Mah Sing Group(マーシングループ)

2020年の純利益:1億リンギット(約26億円)


1994年から不動産開発事業に参入したマーシングループは、これまでにマレーシア国内で47プロジェクトを手掛け、約39,000戸を販売しました。最初のタウンシップ開発である、ジョホール州の「スリ・プライ・ペルダナ」プロジェクトは、ジョホール初のゲート・警備付きのリンクホームとして注目を浴びました。


2020年第4四半期の純利益は、第3四半期から4.19%増の2,813万リンギット(約7.3億円)で、M VerticaやM Centuraといったプロジェクトが貢献しました。一方で、一部の資産の減損処理や在庫の時価評価額が、部分的に相殺する形で働きました。

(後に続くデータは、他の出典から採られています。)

lemma continuous_on_real_closeE:
  fixes U :: "real \<Rightarrow> real"
  assumes "continuous_on S U" "z \<in> S" "0 < e"
  obtains d where "0 < d" "\<And>t. t \<in> S \<Longrightarrow> \<bar>t - z\<bar> < d \<Longrightarrow> \<bar>U t - U z\<bar> < e"
  using continuous_on_iff[THEN iffD1, OF assms(1), rule_format, OF assms(2,3)]
  by (auto simp: dist_real_def)

lemma integral_mult_deviation_le:
  fixes c f :: "real \<Rightarrow> real"
  assumes cf: "(\<lambda>t. c t * f t) integrable_on S" and f: "f absolutely_integrable_on S"
    and dev: "\<And>t. t \<in> S \<Longrightarrow> \<bar>c t - c\<^sub>0\<bar> \<le> e"
  shows "\<bar>integral S (\<lambda>t. c t * f t) - c\<^sub>0 * integral S f\<bar> \<le> e * integral S (\<lambda>t. \<bar>f t\<bar>)"
proof -
  have fi: "f integrable_on S" and fa: "(\<lambda>t. \<bar>f t\<bar>) integrable_on S"
    using f by (auto simp: absolutely_integrable_on_def)
  have "integral S (\<lambda>t. c t * f t) - c\<^sub>0 * integral S f = integral S (\<lambda>t. (c t - c\<^sub>0) * f t)"
    using integral_diff[OF cf integrable_on_cmult_left[OF fi, of c\<^sub>0]]
    by (simp add: left_diff_distrib)
  also have "\<bar>\<dots>\<bar> \<le> integral S (\<lambda>t. e * \<bar>f t\<bar>)"
  proof -
    have "(\<lambda>t. (c t - c\<^sub>0) * f t) integrable_on S"
      using integrable_diff[OF cf integrable_on_cmult_left[OF fi, of c\<^sub>0]]
      by (simp add: left_diff_distrib)
    moreover have "\<bar>(c t - c\<^sub>0) * f t\<bar> \<le> e * \<bar>f t\<bar>" if "t \<in> S" for t
      unfolding abs_mult using dev[OF that] by (rule mult_right_mono) simp
    ultimately show ?thesis
      using integral_norm_bound_integral[of "\<lambda>t. (c t - c\<^sub>0) * f t" S "\<lambda>t. e * \<bar>f t\<bar>"]
        integrable_on_cmult_left[OF fa] by simp
  qed
  finally show ?thesis by simp
qed

lemma integral_eq_of_local_estimate:
  fixes F h k :: "real \<Rightarrow> real"
  assumes "a \<le> b" and h: "h integrable_on {a..b}" and k: "k integrable_on {a..b}"
    and local_estimate: "\<And>e z. 0 < e \<Longrightarrow> z \<in> {a..b} \<Longrightarrow> \<exists>d>0. \<forall>x y.
      a \<le> x \<and> x \<le> z \<and> z \<le> y \<and> y \<le> b \<and> y - x < d \<longrightarrow>
      \<bar>F y - F x - integral {x..y} h\<bar> \<le> e * integral {x..y} k"
  shows "integral {a..b} h = F b - F a"
proof -
  have estimate: "\<bar>F b - F a - integral {a..b} h\<bar> \<le> e * integral {a..b} k" if "0 < e" for e
  proof -
    define P where "P x y \<longleftrightarrow> a \<le> x \<longrightarrow> y \<le> b \<longrightarrow>
      \<bar>F y - F x - integral {x..y} h\<bar> \<le> e * integral {x..y} k" for x y
    have "P a b"
      using \<open>a \<le> b\<close>
    proof (induction rule: Bolzano)
      case (trans x y z)
      show ?case
        unfolding P_def
      proof (intro impI)
        assume "a \<le> x" "z \<le> b"
        with trans have sub: "{x..z} \<subseteq> {a..b}" by auto
        have "integral {x..y} h + integral {y..z} h = integral {x..z} h"
          "integral {x..y} k + integral {y..z} k = integral {x..z} k"
          using trans(3,4) integrable_on_subinterval[OF h sub] integrable_on_subinterval[OF k sub]
          by (auto intro: Henstock_Kurzweil_Integration.integral_combine)
        with trans \<open>a \<le> x\<close> \<open>z \<le> b\<close> show "\<bar>F z - F x - integral {x..z} h\<bar> \<le> e * integral {x..z} k"
          unfolding P_def by (smt (verit) distrib_left)
      qed
    next
      case (local z)
      then show ?case using local_estimate[OF \<open>0 < e\<close>, of z] by (auto simp: P_def)
    qed
    then show ?thesis by (simp add: P_def)
  qed
  have "\<bar>F b - F a - integral {a..b} h\<bar> \<le> 0 + e" if "0 < e" for e
  proof -
    let ?K = "\<bar>integral {a..b} k\<bar> + 1"
    have "e / ?K * integral {a..b} k \<le> e / ?K * ?K"
      using \<open>0 < e\<close> by (intro mult_left_mono) auto
    then have "e / ?K * integral {a..b} k \<le> e"
      by simp
    then show ?thesis using estimate[of "e / ?K"] \<open>0 < e\<close> by simp
  qed
  then have "\<bar>F b - F a - integral {a..b} h\<bar> \<le> 0"
    by (rule field_le_epsilon)
  then show ?thesis by simp
qed

(* F is absolutely continuous on [a, b], with derivative f almost everywhere. *)
definition primitive_on :: "real \<Rightarrow> real \<Rightarrow> (real \<Rightarrow> real) \<Rightarrow> (real \<Rightarrow> real) \<Rightarrow> bool" where
  "primitive_on a b f F \<longleftrightarrow>
     f absolutely_integrable_on {a..b} \<and> (\<forall>x\<in>{a..b}. F x = F a + integral {a..x} f)"

lemma primitive_onD:
  assumes "primitive_on a b f F"
  shows "f absolutely_integrable_on {a..b}" "f integrable_on {a..b}"
    and "x \<in> {a..b} \<Longrightarrow> F x = F a + integral {a..x} f"
  using assms unfolding primitive_on_def absolutely_integrable_on_def by blast+

lemma primitive_on_diff:
  assumes F: "primitive_on a b f F" and "a \<le> x" "x \<le> y" "y \<le> b"
  shows "F y - F x = integral {x..y} f"
proof -
  have "f integrable_on {a..y}"
    by (rule integrable_on_subinterval[OF primitive_onD(2)[OF F]]) (use assms in auto)
  from Henstock_Kurzweil_Integration.integral_combine[OF assms(2,3) this]
  have "integral {a..x} f + integral {x..y} f = integral {a..y} f" .
  moreover have "F x = F a + integral {a..x} f" "F y = F a + integral {a..y} f"
    using assms by (auto intro: primitive_onD(3)[OF F])
  ultimately show ?thesis by simp
qed

lemma primitive_on_continuous:
  assumes F: "primitive_on a b f F"
  shows "continuous_on {a..b} F"
proof -
  have "continuous_on {a..b} (\<lambda>x. F a + integral {a..x} f)"
    by (intro continuous_intros indefinite_integral_continuous_1 primitive_onD(2)[OF F])
  moreover have "F a + integral {a..x} f = F x" if "x \<in> {a..b}" for x
    using primitive_onD(3)[OF F that] by simp
  ultimately show ?thesis by (rule continuous_on_eq)
qed

lemma primitive_on_subinterval:
  assumes F: "primitive_on a b f F" and "c \<le> b"
  shows "primitive_on a c f F"
  unfolding primitive_on_def
proof
  show "f absolutely_integrable_on {a..c}"
    by (rule absolutely_integrable_on_subinterval[OF primitive_onD(1)[OF F]]) (use assms in auto)
  show "\<forall>x\<in>{a..c}. F x = F a + integral {a..x} f"
  proof
    fix x assume "x \<in> {a..c}"
    with \<open>c \<le> b\<close> have "x \<in> {a..b}" by simp
    then show "F x = F a + integral {a..x} f" by (rule primitive_onD(3)[OF F])
  qed
qed

lemma integral_comp_primitive_on_estimate:
  fixes \<Phi> \<phi> :: "real \<Rightarrow> real"
  assumes v: "primitive_on a b f v" and \<Phi>: "\<And>t. (\<Phi> has_real_derivative \<phi> t) (at t)"
    and "a \<le> x" "x \<le> y" "y \<le> b" and \<phi>vf: "(\<lambda>t. \<phi> (v t) * f t) integrable_on {x..y}"
    and dev: "\<And>t \<xi>. t \<in> {x..y} \<Longrightarrow> min (v x) (v y) \<le> \<xi> \<Longrightarrow> \<xi> \<le> max (v x) (v y) \<Longrightarrow>
      \<bar>\<phi> (v t) - \<phi> \<xi>\<bar> \<le> e"
  shows "\<bar>\<Phi> (v y) - \<Phi> (v x) - integral {x..y} (\<lambda>t. \<phi> (v t) * f t)\<bar>
    \<le> e * integral {x..y} (\<lambda>t. \<bar>f t\<bar>)"
proof -
  obtain \<xi> where \<xi>: "min (v x) (v y) \<le> \<xi>" "\<xi> \<le> max (v x) (v y)"
    and mvt: "\<Phi> (v y) - \<Phi> (v x) = \<phi> \<xi> * (v y - v x)"
    using real_MVT_between[OF \<Phi>] by blast
  have "f absolutely_integrable_on {x..y}"
    by (rule absolutely_integrable_on_subinterval[OF primitive_onD(1)[OF v]]) (use assms in auto)
  with \<phi>vf have "\<bar>integral {x..y} (\<lambda>t. \<phi> (v t) * f t) - \<phi> \<xi> * integral {x..y} f\<bar>
      \<le> e * integral {x..y} (\<lambda>t. \<bar>f t\<bar>)"
    by (rule integral_mult_deviation_le) (use dev \<xi> in auto)
  moreover have "v y - v x = integral {x..y} f"
    using v assms by (intro primitive_on_diff) auto
  ultimately show ?thesis using mvt by (simp add: abs_minus_commute)
qed

lemma integral_comp_primitive_on:
  fixes \<Phi> \<phi> :: "real \<Rightarrow> real"
  assumes "a \<le> b" and v: "primitive_on a b f v"
    and \<Phi>: "\<And>t. (\<Phi> has_real_derivative \<phi> t) (at t)" and \<phi>: "continuous_on UNIV \<phi>"
  shows "integral {a..b} (\<lambda>x. \<phi> (v x) * f x) = \<Phi> (v b) - \<Phi> (v a)"
proof (rule integral_eq_of_local_estimate[where k = "\<lambda>x. \<bar>f x\<bar>"])
  have f: "f absolutely_integrable_on {a..b}" using v by (rule primitive_onD)
  have vc: "continuous_on {a..b} v" using v by (rule primitive_on_continuous)
  have "continuous_on {a..b} (\<lambda>x. \<phi> (v x))"
    using continuous_on_compose2[OF \<phi> vc] by simp
  then have \<phi>vf: "(\<lambda>x. \<phi> (v x) * f x) integrable_on {a..b}"
    using absolutely_integrable_continuous_mult[OF _ f] by (simp add: absolutely_integrable_on_def)
  then show "(\<lambda>x. \<phi> (v x) * f x) integrable_on {a..b}" .
  show "(\<lambda>x. \<bar>f x\<bar>) integrable_on {a..b}"
    using f by (simp add: absolutely_integrable_on_def)
  fix e z :: real assume "0 < e" "z \<in> {a..b}"
  obtain \<delta> where "0 < \<delta>" and \<delta>: "\<And>p. \<bar>p - v z\<bar> < \<delta> \<Longrightarrow> \<bar>\<phi> p - \<phi> (v z)\<bar> < e / 2"
    using continuous_on_real_closeE[OF \<phi> UNIV_I, of "e / 2"] \<open>0 < e\<close> by auto
  obtain d where "0 < d" and d: "\<And>t. t \<in> {a..b} \<Longrightarrow> \<bar>t - z\<bar> < d \<Longrightarrow> \<bar>v t - v z\<bar> < \<delta>"
    using continuous_on_real_closeE[OF vc \<open>z \<in> {a..b}\<close> \<open>0 < \<delta>\<close>] by blast
  have "\<bar>\<Phi> (v y) - \<Phi> (v x) - integral {x..y} (\<lambda>t. \<phi> (v t) * f t)\<bar> \<le> e * integral {x..y} (\<lambda>t. \<bar>f t\<bar>)"
    if "a \<le> x" "x \<le> z" "z \<le> y" "y \<le> b" "y - x < d" for x y
  proof (rule integral_comp_primitive_on_estimate[OF v \<Phi>])
    have near: "\<bar>v t - v z\<bar> < \<delta>" if "t \<in> {x..y}" for t
      using d[of t] that \<open>a \<le> x\<close> \<open>x \<le> z\<close> \<open>z \<le> y\<close> \<open>y \<le> b\<close> \<open>y - x < d\<close> by auto
    show "\<bar>\<phi> (v t) - \<phi> \<xi>\<bar> \<le> e"
      if "t \<in> {x..y}" "min (v x) (v y) \<le> \<xi>" "\<xi> \<le> max (v x) (v y)" for t \<xi>
    proof -
      have "\<bar>\<xi> - v z\<bar> < \<delta>" using that near[of x] near[of y] \<open>x \<le> z\<close> \<open>z \<le> y\<close> by auto
      then show ?thesis using \<delta>[of "v t"] \<delta>[of \<xi>] near[OF that(1)] by linarith
    qed
    show "(\<lambda>t. \<phi> (v t) * f t) integrable_on {x..y}"
      by (rule integrable_on_subinterval[OF \<phi>vf]) (use that in auto)
  qed (use that in auto)
  with \<open>0 < d\<close> show "\<exists>d>0. \<forall>x y. a \<le> x \<and> x \<le> z \<and> z \<le> y \<and> y \<le> b \<and> y - x < d \<longrightarrow>
      \<bar>\<Phi> (v y) - \<Phi> (v x) - integral {x..y} (\<lambda>t. \<phi> (v t) * f t)\<bar>
        \<le> e * integral {x..y} (\<lambda>t. \<bar>f t\<bar>)"
    by blast
qed (fact)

2020年通期では、2019年の2億リンギット(約52億円)から、1億リンギット(約26億円)と半減しました。パンデミックが不動産開発、プラスチック事業およびホテル事業に影響を与えたことによります。


現在進行中のプロジェクト:

M OSCAR、M CENTURA、M VERTICA)、M ARISA、M LUNA、M ADORA(Kuala Lumpur)、Southville City 、M ARUNA RAWANG(Selangor)など、30プロジェクト


▶Mah Sing Groupのアニュアルレポート


(出所:The Edge Market


※日本円表記は、1マレーシアリンギット=26円で換算した参考値です。